Marqui Christian (born October 27, 1994) is an American football safety who is a free agent. He played college football at Midwestern State. He was selected by the Arizona Cardinals in the fifth round of the 2016 NFL Draft and has also played for the Los Angeles Rams and New York Jets.

Early years
Christian attended Spring High School in Spring, Texas.

College career
Christian played college football at Midwestern State University from 2013 to 2016. He was named the Lone Star Conference's Top Male Athlete in 2016.

Professional career

Arizona Cardinals
The Arizona Cardinals drafted Christian in the fifth round with the 167th overall selection of the 2016 NFL Draft. On September 27, 2016, he was waived by the team.

Los Angeles Rams
On September 28, 2016, Christian was claimed off waivers by the Los Angeles Rams. He was placed on injured reserve on December 19, 2016 with an ankle injury.

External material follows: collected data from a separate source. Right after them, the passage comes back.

(* Let $\mathbb{K}\in\{\mathbb{R},\mathbb{C}\}$, let $X$ be a linear space over $\mathbb{K}$ and $A\colon X\to\mathbb{K}$ a nonzero additive functional, and put $\phi(x,y)=A(x)A(y)$ for $x,y\in X$. Then a function $f\colon X\to\mathbb{K}$ satisfies $f(x+y)=f(x)f(y)-\phi(x,y)$ for all $x,y\in X$ if and only if $f(x)=\delta A(x)+1$ for all $x\in X$ with $\delta\in\{1,-1\}$.
   Context: A functional $A\colon X\to\mathbb{K}$ is additive if $A(x+y)=A(x)+A(y)$ for all $x,y\in X$ (it need not be linear). *)

theory Defs
  imports Complex_Main
begin

definition additive_fun :: "('x::ab_group_add \<Rightarrow> 'k::ab_group_add) \<Rightarrow> bool" where
  "additive_fun A \<longleftrightarrow> (\<forall>x y. A (x + y) = A x + A y)"

end

theory Submission
  imports Defs
begin

text \<open>Expanding \<open>f ((x + y) + z) = f (x + (y + z))\<close> with the equation and additivity of \<open>A\<close>
  gives \<open>A x A y (f z - 1) = A y A z (f x - 1)\<close>. Choosing \<open>x = y = x\<^sub>0\<close> with \<open>A x\<^sub>0 \<noteq> 0\<close>
  shows that \<open>f = c A + 1\<close> for a constant \<open>c\<close>, and substituting back at \<open>(x\<^sub>0, x\<^sub>0)\<close>
  forces \<open>c\<^sup>2 = 1\<close>. Conversely \<open>\<delta> A + 1\<close> solves the equation whenever \<open>\<delta>\<^sup>2 = 1\<close>.\<close>

lemma additive_funD: "additive_fun A \<Longrightarrow> A (x + y) = A x + A y"
  unfolding additive_fun_def by blast

lemma affine_additive_solves:
  fixes A :: "'a::ab_group_add \<Rightarrow> 'k::comm_ring_1"
  assumes "additive_fun A" and "\<delta> * \<delta> = 1"
  shows "\<delta> * A (x + y) + 1 = (\<delta> * A x + 1) * (\<delta> * A y + 1) - A x * A y"
proof -
  have "(\<delta> * A x + 1) * (\<delta> * A y + 1) - A x * A y
      = (\<delta> * \<delta>) * A x * A y + \<delta> * (A x + A y) + 1 - A x * A y"
    by (simp add: algebra_simps)
  also have "\<dots> = \<delta> * A (x + y) + 1"
    using assms by (simp add: additive_funD)
  finally show ?thesis by simp
qed

lemma solution_cocycle:
  fixes A f :: "'a::ab_group_add \<Rightarrow> 'k::comm_ring_1"
  assumes A: "additive_fun A" and f: "\<And>x y. f (x + y) = f x * f y - A x * A y"
  shows "A x * A y * (f z - 1) = A y * A z * (f x - 1)"
proof -
  have "f ((x + y) + z) = f (x + (y + z))"
    by (simp add: add.assoc)
  then have "(f x * f y - A x * A y) * f z - (A x + A y) * A z
           = f x * (f y * f z - A y * A z) - A x * (A y + A z)"
    by (simp only: f additive_funD[OF A])
  then show ?thesis
    by (simp add: algebra_simps)
qed

lemma solution_affine:
  fixes A f :: "'a::ab_group_add \<Rightarrow> 'k::field"
  assumes A: "additive_fun A" and f: "\<And>x y. f (x + y) = f x * f y - A x * A y"
    and x0: "A x0 \<noteq> 0"
  shows "f z = (f x0 - 1) / A x0 * A z + 1"
proof -
  have "A x0 * A x0 * (f z - 1) = A x0 * A z * (f x0 - 1)"
    by (rule solution_cocycle[OF A f])
  then have "A x0 * (f z - 1) = A z * (f x0 - 1)"
    using x0 by (simp add: mult.assoc)
  then show ?thesis
    using x0 by (simp add: field_simps)
qed

theorem additive_solution_iff:
  fixes A f :: "'a::ab_group_add \<Rightarrow> 'k::field"
  assumes A: "additive_fun A" and nz: "A \<noteq> (\<lambda>_. 0)"
  shows "(\<forall>x y. f (x + y) = f x * f y - A x * A y) \<longleftrightarrow>
         (\<exists>\<delta>\<in>{1, -1}. \<forall>x. f x = \<delta> * A x + 1)"
proof
  assume "\<forall>x y. f (x + y) = f x * f y - A x * A y"
  then have f: "\<And>x y. f (x + y) = f x * f y - A x * A y" by blast
  obtain x0 where x0: "A x0 \<noteq> 0" using nz by auto
  define c where "c = (f x0 - 1) / A x0"
  have fc: "\<And>z. f z = c * A z + 1"
    unfolding c_def by (rule solution_affine[OF A f x0])
  have "c * A (x0 + x0) + 1 = (c * A x0 + 1) * (c * A x0 + 1) - A x0 * A x0"
    using f[of x0 x0] by (simp only: fc)
  then have "(c * c - 1) * (A x0 * A x0) = 0"
    by (simp add: additive_funD[OF A] algebra_simps)
  then have "c * c = 1"
    using x0 by simp
  then have "c \<in> {1, -1}"
    by (simp add: square_eq_1_iff)
  with fc show "\<exists>\<delta>\<in>{1, -1}. \<forall>x. f x = \<delta> * A x + 1" by blast
next
  assume "\<exists>\<delta>\<in>{1, -1}. \<forall>x. f x = \<delta> * A x + 1"
  then obtain \<delta> where "\<delta> \<in> {1, -1}" and f: "\<And>x. f x = \<delta> * A x + 1" by blast
  then have "\<delta> * \<delta> = 1" by auto
  then show "\<forall>x y. f (x + y) = f x * f y - A x * A y"
    by (simp only: f affine_additive_solves[OF A] simp_thms)
qed

theorem mainTheorem10:
  shows "(\<forall>(A::'x::real_vector \<Rightarrow> real) (f::'x \<Rightarrow> real).
            additive_fun A \<longrightarrow> A \<noteq> (\<lambda>_. 0) \<longrightarrow>
            ((\<forall>x y. f (x + y) = f x * f y - A x * A y) \<longleftrightarrow>
             (\<exists>\<delta>\<in>{1, -1}. \<forall>x. f x = \<delta> * A x + 1)))
       \<and> (\<forall>(sc::complex \<Rightarrow> 'y::ab_group_add \<Rightarrow> 'y) (A::'y \<Rightarrow> complex) (f::'y \<Rightarrow> complex).
            vector_space sc \<longrightarrow> additive_fun A \<longrightarrow> A \<noteq> (\<lambda>_. 0) \<longrightarrow>
            ((\<forall>x y. f (x + y) = f x * f y - A x * A y) \<longleftrightarrow>
             (\<exists>\<delta>\<in>{1, -1}. \<forall>x. f x = \<delta> * A x + 1)))"
  by (intro conjI allI impI additive_solution_iff)

end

On December 27, 2017, Christian was placed on injured reserve with a shoulder injury.

Chicago Bears
After his contract expired with the Rams in March 2020, Christian was suspended by the NFL for the first two weeks of the 2020 NFL season on June 18, 2020. He was signed by the Chicago Bears on August 12, 2020. After being reinstated from suspension, he was released and re-signed to the practice squad on September 21, 2020.

New York Jets
On September 23, 2020, Christian was signed by the New York Jets off the Bears practice squad. He was released on October 17; he played just one game for the Jets with no action on defense.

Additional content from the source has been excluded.